ACTIVITY = Among the entries that follow, how many lines contain the word "objfam"? Give the number alone.

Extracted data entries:

---

lemma contra_mor_eq_if_eq_on_Theta:
  assumes "contra_mor sM Hom sP \<pi>P sQ \<pi>Q g1" "contra_mor sM Hom sP \<pi>P sQ \<pi>Q g2"
    and "\<forall>x. \<forall>p\<in>P.Theta x. g1 p = g2 p"
  shows "g1 = g2"
proof
  fix p
  have "g1 p = \<pi>Q (Q.objfam (\<lambda>x. g1 (P.proj x p)))"
    by (rule contra_mor_expansion[OF assms(1)])
  also have "(\<lambda>x. g1 (P.proj x p)) = (\<lambda>x. g2 (P.proj x p))"
    using assms(3) P.proj_in_Theta by (intro ext) blast
  also have "\<pi>Q (Q.objfam (\<lambda>x. g2 (P.proj x p))) = g2 p"
    by (rule contra_mor_expansion[OF assms(2), symmetric])
  finally show "g1 p = g2 p" .
qed

end

locale theta_morphism = contramod_pair sM Hom cmp idm sP \<pi>P sQ \<pi>Q
  for sM :: "'k::field \<Rightarrow> 'm::ab_group_add \<Rightarrow> 'm" and Hom :: "'o \<Rightarrow> 'o \<Rightarrow> 'm set"
    and cmp :: "'o \<Rightarrow> 'o \<Rightarrow> 'o \<Rightarrow> 'm \<Rightarrow> 'm \<Rightarrow> 'm" and idm :: "'o \<Rightarrow> 'm"
    and sP :: "'k \<Rightarrow> 'p::ab_group_add \<Rightarrow> 'p" and \<pi>P :: "(('o \<Rightarrow> 'o \<Rightarrow> 'm \<Rightarrow> 'k) \<Rightarrow> 'p) \<Rightarrow> 'p"
    and sQ :: "'k \<Rightarrow> 'q::ab_group_add \<Rightarrow> 'q" and \<pi>Q :: "(('o \<Rightarrow> 'o \<Rightarrow> 'm \<Rightarrow> 'k) \<Rightarrow> 'q) \<Rightarrow> 'q" +
  fixes t :: "'o \<Rightarrow> 'p \<Rightarrow> 'q"
  assumes strictly_lf: "left_strictly_locally_finite sM Hom cmp"
    and module_mor_t: "module_mor Hom sP (Theta_obj sM Hom idm sP \<pi>P) (Theta_act sM Hom sP \<pi>P)
                                sQ (Theta_obj sM Hom idm sQ \<pi>Q) (Theta_act sM Hom sQ \<pi>Q) t"
begin

lemma t_in_Theta: "p \<in> P.Theta x \<Longrightarrow> t x p \<in> Q.Theta x"
  using module_mor_t by (simp add: module_mor_def)

lemma t_add: "p \<in> P.Theta x \<Longrightarrow> p' \<in> P.Theta x \<Longrightarrow> t x (p + p') = t x p + t x p'"
  using module_mor_t by (simp add: module_mor_def)

lemma t_scale: "p \<in> P.Theta x \<Longrightarrow> t x (sP a p) = sQ a (t x p)"
  using module_mor_t by (simp add: module_mor_def)

lemma t_act: "p \<in> P.Theta x \<Longrightarrow> f \<in> Hom x y \<Longrightarrow> t y (P.act x y f p) = Q.act x y f (t x p)"
  using module_mor_t by (simp add: module_mor_def Theta_act_def)

lemma t_zero: "t x 0 = 0"
  using t_add[OF P.Theta_zero P.Theta_zero] by simp
lemma comm_ring_hom_swap_vars: "comm_ring_hom swap_vars"
  unfolding swap_vars_def[abs_def]
  using comm_ring_hom_comp[OF comm_ring_hom_poly[of "[:[:0, 1:]:]"]
      comm_ring_hom.comm_ring_hom_map_poly[OF comm_ring_hom.comm_ring_hom_map_poly[OF comm_ring_hom_const_poly]]]
  by (simp add: o_def)

lemma irreducible_if_irreducible_swap_vars: "irreducible (swap_vars p) \<Longrightarrow> irreducible p"
  by (rule comm_ring_hom.irreducible_if_irreducible_hom[OF comm_ring_hom_swap_vars])
    (metis comm_ring_hom.hom_dvd[OF comm_ring_hom_swap_vars] comm_ring_hom.hom_one[OF comm_ring_hom_swap_vars]
      swap_vars_swap_vars)

lemma coprime_monom_if_coeff_0:
  fixes B :: "'a::field_gcd poly"
  assumes "coeff B 0 \<noteq> 0"
  shows "coprime B (monom 1 k)"
proof -
  have "prime_elem [:0, 1::'a:]"
    by (rule prime_elem_linear_field_poly) simp
  moreover have "\<not> [:0, 1:] dvd B"
    using assms by (simp add: dvd_iff_poly_eq_0 poly_0_coeff_0)
  ultimately have "coprime [:0, 1:] B"
    by (rule prime_elem_imp_coprime)
  then show ?thesis
    by (simp add: monom_altdef coprime_commute)
qed

lemma const_emb_conv_to_fract: "const_emb = to_fract \<circ> (\<lambda>c. [:c:])"
  by (simp add: fun_eq_iff const_emb_def to_fract_def)

lemma tvar_conv_to_fract: "tvar = to_fract [:0, 1:]"
  by (simp add: tvar_def to_fract_def)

---

TASK ANSWER = 2